Collected data entries
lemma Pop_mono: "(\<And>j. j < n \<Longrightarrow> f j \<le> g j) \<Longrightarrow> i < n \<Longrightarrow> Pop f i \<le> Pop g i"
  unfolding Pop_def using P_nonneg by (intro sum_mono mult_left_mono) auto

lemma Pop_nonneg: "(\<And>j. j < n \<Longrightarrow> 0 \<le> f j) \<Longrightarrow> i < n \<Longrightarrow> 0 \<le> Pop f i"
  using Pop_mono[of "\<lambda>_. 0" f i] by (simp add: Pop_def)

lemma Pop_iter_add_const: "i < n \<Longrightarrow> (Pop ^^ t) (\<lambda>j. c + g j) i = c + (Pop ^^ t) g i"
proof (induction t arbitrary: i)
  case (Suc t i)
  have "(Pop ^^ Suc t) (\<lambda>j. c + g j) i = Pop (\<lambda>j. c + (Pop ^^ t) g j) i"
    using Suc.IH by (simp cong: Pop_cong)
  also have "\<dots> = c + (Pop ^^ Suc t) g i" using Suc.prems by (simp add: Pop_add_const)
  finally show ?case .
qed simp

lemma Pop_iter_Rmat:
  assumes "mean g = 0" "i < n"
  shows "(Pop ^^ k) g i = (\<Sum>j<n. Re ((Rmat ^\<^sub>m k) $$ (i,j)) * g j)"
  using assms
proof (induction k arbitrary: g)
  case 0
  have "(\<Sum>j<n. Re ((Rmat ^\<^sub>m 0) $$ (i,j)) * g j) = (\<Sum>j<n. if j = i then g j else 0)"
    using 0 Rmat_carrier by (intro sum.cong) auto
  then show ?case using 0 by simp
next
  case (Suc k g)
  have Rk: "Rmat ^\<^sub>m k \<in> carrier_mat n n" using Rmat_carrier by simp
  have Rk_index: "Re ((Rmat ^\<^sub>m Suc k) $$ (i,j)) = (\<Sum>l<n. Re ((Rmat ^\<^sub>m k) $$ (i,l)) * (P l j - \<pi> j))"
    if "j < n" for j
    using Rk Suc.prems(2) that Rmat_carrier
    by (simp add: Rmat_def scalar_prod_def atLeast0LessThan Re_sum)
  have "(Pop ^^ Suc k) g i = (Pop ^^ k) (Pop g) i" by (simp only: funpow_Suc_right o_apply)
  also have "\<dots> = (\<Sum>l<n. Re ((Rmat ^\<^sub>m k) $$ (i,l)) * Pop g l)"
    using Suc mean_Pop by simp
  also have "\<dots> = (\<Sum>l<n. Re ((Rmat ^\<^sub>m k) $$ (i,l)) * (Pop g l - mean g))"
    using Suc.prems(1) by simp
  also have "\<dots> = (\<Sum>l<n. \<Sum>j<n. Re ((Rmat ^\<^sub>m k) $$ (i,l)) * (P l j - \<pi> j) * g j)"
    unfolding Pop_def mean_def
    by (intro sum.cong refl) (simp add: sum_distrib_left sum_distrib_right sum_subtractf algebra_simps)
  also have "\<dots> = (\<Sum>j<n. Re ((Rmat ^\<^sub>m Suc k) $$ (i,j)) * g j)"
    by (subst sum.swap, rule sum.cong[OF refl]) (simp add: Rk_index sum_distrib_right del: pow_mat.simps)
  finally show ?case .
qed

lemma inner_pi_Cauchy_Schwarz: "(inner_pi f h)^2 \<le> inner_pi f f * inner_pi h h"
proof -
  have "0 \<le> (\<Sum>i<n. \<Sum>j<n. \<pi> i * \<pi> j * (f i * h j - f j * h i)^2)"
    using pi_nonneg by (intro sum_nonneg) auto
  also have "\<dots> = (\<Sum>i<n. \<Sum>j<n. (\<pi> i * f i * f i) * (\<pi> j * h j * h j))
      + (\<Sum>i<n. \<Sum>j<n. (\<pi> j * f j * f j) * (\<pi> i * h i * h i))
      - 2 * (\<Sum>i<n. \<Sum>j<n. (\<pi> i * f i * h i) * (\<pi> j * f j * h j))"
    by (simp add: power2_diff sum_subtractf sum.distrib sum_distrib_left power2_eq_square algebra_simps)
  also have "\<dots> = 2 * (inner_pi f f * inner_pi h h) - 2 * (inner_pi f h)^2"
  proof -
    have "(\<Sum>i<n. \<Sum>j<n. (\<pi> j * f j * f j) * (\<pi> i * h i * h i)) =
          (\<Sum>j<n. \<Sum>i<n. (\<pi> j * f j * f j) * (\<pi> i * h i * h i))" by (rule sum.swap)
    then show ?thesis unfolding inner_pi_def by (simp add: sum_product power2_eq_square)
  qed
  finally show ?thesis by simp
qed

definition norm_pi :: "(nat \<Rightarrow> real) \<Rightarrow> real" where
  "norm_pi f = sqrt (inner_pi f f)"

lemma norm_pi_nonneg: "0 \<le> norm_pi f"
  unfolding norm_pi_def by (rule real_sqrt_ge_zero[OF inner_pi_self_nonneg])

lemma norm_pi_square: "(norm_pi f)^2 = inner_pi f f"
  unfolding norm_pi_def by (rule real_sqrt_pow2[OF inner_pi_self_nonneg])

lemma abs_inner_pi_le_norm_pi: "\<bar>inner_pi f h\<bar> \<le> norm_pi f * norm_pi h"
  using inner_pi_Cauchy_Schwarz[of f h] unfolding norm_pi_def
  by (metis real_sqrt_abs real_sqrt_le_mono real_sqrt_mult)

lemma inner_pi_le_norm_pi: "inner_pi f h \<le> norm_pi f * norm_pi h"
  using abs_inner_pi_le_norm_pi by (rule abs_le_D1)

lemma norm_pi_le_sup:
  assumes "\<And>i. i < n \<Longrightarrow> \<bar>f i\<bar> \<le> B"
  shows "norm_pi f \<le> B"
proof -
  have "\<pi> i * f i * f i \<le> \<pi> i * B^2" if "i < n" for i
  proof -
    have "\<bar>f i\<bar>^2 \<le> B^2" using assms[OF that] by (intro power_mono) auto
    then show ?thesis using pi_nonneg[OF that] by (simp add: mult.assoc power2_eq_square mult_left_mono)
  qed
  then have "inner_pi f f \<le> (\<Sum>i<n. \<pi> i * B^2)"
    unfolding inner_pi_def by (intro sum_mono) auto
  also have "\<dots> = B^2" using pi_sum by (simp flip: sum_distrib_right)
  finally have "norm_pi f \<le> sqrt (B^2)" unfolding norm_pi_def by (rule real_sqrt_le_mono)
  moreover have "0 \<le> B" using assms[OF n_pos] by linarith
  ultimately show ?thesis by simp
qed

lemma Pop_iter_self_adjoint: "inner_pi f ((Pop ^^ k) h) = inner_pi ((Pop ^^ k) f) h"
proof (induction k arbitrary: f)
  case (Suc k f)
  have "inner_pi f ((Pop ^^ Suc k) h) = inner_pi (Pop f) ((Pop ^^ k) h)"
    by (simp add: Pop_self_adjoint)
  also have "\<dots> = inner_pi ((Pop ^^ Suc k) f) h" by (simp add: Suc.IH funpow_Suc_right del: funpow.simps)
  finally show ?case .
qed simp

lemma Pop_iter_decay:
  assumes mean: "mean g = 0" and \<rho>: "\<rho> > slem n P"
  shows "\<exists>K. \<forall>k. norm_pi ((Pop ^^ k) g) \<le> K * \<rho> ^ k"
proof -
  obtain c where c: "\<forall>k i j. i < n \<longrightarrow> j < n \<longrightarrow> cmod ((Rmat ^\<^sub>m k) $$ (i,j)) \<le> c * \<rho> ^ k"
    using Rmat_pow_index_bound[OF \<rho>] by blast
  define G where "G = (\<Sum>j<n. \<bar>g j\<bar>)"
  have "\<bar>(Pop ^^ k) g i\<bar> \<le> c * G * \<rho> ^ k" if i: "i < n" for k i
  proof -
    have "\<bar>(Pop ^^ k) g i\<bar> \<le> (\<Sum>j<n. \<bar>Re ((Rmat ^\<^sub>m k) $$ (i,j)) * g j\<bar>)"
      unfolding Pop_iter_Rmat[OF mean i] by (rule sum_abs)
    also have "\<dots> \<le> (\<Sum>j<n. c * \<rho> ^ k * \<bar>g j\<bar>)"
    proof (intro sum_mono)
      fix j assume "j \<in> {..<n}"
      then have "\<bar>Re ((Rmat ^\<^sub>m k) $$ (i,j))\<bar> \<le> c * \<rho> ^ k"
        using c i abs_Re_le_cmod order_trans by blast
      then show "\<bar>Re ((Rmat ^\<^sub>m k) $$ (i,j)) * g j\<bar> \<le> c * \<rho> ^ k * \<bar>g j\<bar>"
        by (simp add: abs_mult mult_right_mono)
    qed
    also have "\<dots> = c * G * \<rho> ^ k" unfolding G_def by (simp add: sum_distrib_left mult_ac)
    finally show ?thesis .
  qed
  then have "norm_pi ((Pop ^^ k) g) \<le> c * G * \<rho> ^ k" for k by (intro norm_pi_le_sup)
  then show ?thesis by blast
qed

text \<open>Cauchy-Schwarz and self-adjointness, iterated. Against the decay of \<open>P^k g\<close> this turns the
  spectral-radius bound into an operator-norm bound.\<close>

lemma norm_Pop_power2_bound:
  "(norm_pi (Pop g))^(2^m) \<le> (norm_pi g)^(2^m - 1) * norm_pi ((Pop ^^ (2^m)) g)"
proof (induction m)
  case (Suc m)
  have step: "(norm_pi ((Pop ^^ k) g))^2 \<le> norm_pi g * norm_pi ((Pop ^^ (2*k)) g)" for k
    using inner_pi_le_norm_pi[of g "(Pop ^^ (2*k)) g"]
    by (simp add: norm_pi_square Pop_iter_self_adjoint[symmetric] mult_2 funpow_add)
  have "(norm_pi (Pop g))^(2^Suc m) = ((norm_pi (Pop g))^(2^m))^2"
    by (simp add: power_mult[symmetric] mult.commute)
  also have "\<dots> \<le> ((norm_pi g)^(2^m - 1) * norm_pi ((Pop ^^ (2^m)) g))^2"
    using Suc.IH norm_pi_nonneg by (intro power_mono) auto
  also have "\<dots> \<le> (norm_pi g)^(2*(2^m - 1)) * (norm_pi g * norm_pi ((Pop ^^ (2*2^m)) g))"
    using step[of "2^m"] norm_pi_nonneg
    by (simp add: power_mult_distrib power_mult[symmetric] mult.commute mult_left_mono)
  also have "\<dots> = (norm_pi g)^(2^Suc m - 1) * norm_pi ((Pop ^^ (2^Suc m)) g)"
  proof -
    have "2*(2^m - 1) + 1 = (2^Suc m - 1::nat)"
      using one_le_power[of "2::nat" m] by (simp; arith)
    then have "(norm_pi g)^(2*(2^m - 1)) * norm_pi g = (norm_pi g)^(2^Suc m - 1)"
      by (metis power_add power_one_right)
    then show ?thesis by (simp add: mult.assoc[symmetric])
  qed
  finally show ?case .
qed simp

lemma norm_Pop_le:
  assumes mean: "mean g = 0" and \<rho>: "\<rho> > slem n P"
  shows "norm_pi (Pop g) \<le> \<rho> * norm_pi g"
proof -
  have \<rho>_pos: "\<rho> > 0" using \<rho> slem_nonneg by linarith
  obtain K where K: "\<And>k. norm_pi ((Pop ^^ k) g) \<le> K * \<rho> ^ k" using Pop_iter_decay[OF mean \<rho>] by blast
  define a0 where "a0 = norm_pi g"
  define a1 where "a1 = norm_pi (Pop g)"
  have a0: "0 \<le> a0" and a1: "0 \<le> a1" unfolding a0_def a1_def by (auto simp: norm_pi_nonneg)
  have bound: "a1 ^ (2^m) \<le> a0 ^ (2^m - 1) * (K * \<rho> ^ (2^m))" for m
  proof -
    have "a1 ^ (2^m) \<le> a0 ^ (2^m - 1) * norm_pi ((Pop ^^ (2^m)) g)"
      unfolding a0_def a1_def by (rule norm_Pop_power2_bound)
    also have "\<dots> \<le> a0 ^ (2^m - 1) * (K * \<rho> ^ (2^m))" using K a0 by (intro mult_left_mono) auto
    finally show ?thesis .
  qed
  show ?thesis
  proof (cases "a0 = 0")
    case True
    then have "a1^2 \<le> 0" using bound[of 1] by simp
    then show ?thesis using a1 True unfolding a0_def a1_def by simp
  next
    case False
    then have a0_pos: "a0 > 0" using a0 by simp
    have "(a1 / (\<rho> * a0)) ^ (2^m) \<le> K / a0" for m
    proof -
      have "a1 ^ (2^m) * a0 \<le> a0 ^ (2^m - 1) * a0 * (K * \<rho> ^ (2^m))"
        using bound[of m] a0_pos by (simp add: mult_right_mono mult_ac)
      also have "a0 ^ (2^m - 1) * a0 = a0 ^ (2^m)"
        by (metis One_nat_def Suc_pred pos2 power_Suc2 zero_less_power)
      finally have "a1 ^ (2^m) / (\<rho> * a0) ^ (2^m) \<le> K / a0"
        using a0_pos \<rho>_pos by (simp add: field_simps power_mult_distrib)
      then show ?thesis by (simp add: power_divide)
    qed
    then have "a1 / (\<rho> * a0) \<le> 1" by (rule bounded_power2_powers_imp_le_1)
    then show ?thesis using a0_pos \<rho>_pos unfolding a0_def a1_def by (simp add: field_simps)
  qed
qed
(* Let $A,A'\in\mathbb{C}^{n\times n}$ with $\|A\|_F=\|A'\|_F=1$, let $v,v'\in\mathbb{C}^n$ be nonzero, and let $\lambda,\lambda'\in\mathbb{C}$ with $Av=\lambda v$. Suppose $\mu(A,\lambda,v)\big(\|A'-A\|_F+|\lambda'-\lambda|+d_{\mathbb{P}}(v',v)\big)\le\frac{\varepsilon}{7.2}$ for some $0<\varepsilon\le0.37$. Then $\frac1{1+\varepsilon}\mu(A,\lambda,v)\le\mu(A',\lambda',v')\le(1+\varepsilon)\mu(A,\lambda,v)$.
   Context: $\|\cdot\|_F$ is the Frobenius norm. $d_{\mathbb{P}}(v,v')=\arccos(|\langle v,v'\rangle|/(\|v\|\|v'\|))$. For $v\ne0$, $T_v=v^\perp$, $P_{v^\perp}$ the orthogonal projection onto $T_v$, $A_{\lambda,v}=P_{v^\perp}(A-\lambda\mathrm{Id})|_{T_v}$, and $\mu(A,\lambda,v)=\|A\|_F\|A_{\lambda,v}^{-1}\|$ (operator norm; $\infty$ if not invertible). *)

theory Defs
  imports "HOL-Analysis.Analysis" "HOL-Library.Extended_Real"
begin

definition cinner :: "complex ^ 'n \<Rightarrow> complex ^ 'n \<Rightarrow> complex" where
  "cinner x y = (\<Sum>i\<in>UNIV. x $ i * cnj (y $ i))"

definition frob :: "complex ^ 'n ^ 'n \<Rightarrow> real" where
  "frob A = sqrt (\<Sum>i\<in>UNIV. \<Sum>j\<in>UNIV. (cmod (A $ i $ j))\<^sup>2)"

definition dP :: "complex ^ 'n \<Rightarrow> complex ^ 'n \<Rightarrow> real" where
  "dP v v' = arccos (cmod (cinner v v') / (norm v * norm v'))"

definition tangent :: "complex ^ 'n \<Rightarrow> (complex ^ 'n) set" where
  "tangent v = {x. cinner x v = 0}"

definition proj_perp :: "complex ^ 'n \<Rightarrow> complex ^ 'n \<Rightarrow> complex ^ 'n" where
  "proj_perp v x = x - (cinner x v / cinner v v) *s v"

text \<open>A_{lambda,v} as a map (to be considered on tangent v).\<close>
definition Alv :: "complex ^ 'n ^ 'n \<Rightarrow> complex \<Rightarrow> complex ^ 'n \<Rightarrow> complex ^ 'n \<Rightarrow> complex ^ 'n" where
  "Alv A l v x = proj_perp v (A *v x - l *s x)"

### Your instructions
Starting with the first line of the entries, transcribe every line up to and including the one with "Rmat_carrier by simp".

### Exercise answer
lemma Pop_mono: "(\<And>j. j < n \<Longrightarrow> f j \<le> g j) \<Longrightarrow> i < n \<Longrightarrow> Pop f i \<le> Pop g i"
  unfolding Pop_def using P_nonneg by (intro sum_mono mult_left_mono) auto

lemma Pop_nonneg: "(\<And>j. j < n \<Longrightarrow> 0 \<le> f j) \<Longrightarrow> i < n \<Longrightarrow> 0 \<le> Pop f i"
  using Pop_mono[of "\<lambda>_. 0" f i] by (simp add: Pop_def)

lemma Pop_iter_add_const: "i < n \<Longrightarrow> (Pop ^^ t) (\<lambda>j. c + g j) i = c + (Pop ^^ t) g i"
proof (induction t arbitrary: i)
  case (Suc t i)
  have "(Pop ^^ Suc t) (\<lambda>j. c + g j) i = Pop (\<lambda>j. c + (Pop ^^ t) g j) i"
    using Suc.IH by (simp cong: Pop_cong)
  also have "\<dots> = c + (Pop ^^ Suc t) g i" using Suc.prems by (simp add: Pop_add_const)
  finally show ?case .
qed simp

lemma Pop_iter_Rmat:
  assumes "mean g = 0" "i < n"
  shows "(Pop ^^ k) g i = (\<Sum>j<n. Re ((Rmat ^\<^sub>m k) $$ (i,j)) * g j)"
  using assms
proof (induction k arbitrary: g)
  case 0
  have "(\<Sum>j<n. Re ((Rmat ^\<^sub>m 0) $$ (i,j)) * g j) = (\<Sum>j<n. if j = i then g j else 0)"
    using 0 Rmat_carrier by (intro sum.cong) auto
  then show ?case using 0 by simp
next
  case (Suc k g)
  have Rk: "Rmat ^\<^sub>m k \<in> carrier_mat n n" using Rmat_carrier by simp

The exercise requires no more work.